• _Task input_
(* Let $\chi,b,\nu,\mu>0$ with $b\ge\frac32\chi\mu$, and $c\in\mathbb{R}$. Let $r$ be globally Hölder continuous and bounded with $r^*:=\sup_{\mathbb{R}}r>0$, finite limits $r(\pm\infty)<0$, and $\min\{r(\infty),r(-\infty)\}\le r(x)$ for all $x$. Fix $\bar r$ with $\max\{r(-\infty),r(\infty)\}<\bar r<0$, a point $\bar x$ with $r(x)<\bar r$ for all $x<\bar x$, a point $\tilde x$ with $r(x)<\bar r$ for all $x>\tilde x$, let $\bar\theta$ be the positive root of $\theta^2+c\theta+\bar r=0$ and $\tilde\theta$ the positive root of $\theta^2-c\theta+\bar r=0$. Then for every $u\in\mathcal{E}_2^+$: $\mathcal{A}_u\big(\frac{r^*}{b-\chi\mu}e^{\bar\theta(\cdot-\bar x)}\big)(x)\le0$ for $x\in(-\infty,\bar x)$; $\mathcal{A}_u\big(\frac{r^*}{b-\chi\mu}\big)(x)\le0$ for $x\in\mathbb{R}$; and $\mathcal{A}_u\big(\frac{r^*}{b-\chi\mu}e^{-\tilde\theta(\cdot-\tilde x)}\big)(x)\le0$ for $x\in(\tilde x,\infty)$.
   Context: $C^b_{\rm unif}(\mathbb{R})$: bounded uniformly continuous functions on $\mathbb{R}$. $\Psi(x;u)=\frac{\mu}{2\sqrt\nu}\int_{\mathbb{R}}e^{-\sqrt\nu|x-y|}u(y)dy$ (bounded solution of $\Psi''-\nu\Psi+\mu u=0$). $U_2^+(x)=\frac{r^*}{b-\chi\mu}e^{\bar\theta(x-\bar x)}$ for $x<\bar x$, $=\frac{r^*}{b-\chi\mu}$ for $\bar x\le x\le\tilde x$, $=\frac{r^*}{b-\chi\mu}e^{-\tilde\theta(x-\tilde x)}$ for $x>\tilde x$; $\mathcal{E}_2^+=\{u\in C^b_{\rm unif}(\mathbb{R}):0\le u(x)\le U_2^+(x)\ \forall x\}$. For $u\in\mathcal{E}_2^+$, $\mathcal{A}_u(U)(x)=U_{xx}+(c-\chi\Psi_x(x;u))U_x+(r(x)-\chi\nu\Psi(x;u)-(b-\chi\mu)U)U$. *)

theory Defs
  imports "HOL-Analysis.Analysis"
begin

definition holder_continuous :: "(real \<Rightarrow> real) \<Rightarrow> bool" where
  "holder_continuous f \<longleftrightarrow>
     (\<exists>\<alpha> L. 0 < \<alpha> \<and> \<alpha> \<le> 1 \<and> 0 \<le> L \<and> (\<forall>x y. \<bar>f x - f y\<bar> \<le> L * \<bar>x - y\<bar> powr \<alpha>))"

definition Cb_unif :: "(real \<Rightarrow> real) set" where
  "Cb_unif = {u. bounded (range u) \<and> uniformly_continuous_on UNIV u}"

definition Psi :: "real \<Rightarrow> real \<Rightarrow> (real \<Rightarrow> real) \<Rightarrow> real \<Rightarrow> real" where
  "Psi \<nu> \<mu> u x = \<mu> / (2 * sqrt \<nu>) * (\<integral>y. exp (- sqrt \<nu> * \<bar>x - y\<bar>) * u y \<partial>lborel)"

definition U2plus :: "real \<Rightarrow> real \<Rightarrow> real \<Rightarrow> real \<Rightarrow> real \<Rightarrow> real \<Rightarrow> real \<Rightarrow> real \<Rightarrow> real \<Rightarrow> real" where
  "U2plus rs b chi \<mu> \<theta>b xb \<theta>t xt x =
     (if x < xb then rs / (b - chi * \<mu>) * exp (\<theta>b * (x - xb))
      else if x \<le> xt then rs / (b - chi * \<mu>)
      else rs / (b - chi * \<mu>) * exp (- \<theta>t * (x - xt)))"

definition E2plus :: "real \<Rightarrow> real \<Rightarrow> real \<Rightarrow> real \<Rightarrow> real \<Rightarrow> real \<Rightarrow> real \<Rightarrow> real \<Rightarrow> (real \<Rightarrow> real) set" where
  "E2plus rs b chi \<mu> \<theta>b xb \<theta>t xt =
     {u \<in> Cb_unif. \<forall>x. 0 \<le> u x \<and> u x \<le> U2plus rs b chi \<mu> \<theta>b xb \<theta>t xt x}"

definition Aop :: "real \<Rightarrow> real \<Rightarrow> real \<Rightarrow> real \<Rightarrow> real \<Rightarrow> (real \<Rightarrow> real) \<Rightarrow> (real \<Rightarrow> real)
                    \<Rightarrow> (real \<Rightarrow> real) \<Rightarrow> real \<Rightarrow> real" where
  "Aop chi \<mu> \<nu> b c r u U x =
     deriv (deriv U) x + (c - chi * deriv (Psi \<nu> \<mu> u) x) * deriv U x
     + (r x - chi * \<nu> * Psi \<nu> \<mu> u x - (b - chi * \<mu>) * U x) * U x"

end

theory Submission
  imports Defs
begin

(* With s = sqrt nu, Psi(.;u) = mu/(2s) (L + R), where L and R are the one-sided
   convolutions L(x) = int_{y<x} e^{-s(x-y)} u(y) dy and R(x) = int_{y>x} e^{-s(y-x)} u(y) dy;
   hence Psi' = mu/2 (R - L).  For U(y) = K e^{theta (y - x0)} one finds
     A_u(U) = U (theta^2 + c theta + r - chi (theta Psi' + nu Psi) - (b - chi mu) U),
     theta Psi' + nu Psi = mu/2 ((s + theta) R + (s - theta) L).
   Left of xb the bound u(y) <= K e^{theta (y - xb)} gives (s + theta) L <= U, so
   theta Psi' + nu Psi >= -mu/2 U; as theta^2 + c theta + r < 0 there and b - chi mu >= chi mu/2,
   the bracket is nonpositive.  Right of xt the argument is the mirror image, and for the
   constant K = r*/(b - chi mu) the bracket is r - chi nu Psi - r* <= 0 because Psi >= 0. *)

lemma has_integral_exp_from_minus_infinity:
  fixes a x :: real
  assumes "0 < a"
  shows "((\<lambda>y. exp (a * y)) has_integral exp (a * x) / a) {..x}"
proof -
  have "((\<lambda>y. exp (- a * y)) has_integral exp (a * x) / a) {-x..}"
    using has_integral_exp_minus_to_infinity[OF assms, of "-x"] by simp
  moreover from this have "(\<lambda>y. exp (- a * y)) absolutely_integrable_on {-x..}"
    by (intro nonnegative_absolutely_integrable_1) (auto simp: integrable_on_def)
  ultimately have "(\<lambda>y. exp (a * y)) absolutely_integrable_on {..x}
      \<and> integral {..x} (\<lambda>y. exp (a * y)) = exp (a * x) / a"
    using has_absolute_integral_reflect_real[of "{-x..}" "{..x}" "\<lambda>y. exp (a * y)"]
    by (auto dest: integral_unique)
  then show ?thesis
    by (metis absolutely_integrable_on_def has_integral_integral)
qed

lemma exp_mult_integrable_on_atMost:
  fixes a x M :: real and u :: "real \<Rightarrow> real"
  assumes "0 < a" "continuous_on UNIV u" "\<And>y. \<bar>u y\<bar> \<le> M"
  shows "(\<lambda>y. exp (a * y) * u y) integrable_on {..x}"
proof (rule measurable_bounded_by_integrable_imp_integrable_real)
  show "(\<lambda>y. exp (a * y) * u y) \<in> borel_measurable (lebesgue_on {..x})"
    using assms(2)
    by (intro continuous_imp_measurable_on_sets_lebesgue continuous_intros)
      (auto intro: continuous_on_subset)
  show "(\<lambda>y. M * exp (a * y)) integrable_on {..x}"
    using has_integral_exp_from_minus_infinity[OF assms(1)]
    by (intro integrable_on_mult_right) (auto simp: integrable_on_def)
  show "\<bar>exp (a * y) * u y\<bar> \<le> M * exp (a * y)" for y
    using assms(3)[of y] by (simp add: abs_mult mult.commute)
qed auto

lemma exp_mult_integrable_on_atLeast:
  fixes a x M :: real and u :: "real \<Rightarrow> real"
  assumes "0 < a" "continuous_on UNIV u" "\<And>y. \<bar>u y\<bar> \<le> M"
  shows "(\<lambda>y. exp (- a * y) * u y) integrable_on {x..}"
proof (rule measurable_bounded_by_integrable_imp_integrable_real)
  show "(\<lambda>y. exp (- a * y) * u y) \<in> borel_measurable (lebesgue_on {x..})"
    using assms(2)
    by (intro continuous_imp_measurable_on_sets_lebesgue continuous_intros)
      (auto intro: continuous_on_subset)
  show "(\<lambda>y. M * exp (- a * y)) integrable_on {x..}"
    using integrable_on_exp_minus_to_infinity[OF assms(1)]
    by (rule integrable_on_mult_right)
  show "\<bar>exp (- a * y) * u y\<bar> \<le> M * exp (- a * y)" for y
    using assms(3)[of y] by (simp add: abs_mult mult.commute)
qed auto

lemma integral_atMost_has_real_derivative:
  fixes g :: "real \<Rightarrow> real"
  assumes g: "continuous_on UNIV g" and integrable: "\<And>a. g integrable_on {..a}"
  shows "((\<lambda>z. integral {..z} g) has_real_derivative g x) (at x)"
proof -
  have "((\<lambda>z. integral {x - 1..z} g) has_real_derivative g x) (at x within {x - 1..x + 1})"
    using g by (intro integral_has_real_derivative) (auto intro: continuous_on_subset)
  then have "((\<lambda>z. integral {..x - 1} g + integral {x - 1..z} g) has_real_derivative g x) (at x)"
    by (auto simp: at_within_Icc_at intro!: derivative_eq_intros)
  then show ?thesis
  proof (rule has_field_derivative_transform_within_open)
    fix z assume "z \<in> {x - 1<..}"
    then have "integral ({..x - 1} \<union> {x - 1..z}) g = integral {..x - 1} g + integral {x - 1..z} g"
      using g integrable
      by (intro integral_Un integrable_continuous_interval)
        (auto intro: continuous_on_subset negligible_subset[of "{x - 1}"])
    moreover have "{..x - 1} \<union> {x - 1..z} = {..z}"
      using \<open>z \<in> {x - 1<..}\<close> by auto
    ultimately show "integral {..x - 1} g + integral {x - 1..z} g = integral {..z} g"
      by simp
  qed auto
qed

• _Aim of the exercise_
What lines in the data above contain the word "lemma"? Copy them all.

• _Response_
lemma has_integral_exp_from_minus_infinity:
lemma exp_mult_integrable_on_atMost:
lemma exp_mult_integrable_on_atLeast:
lemma integral_atMost_has_real_derivative:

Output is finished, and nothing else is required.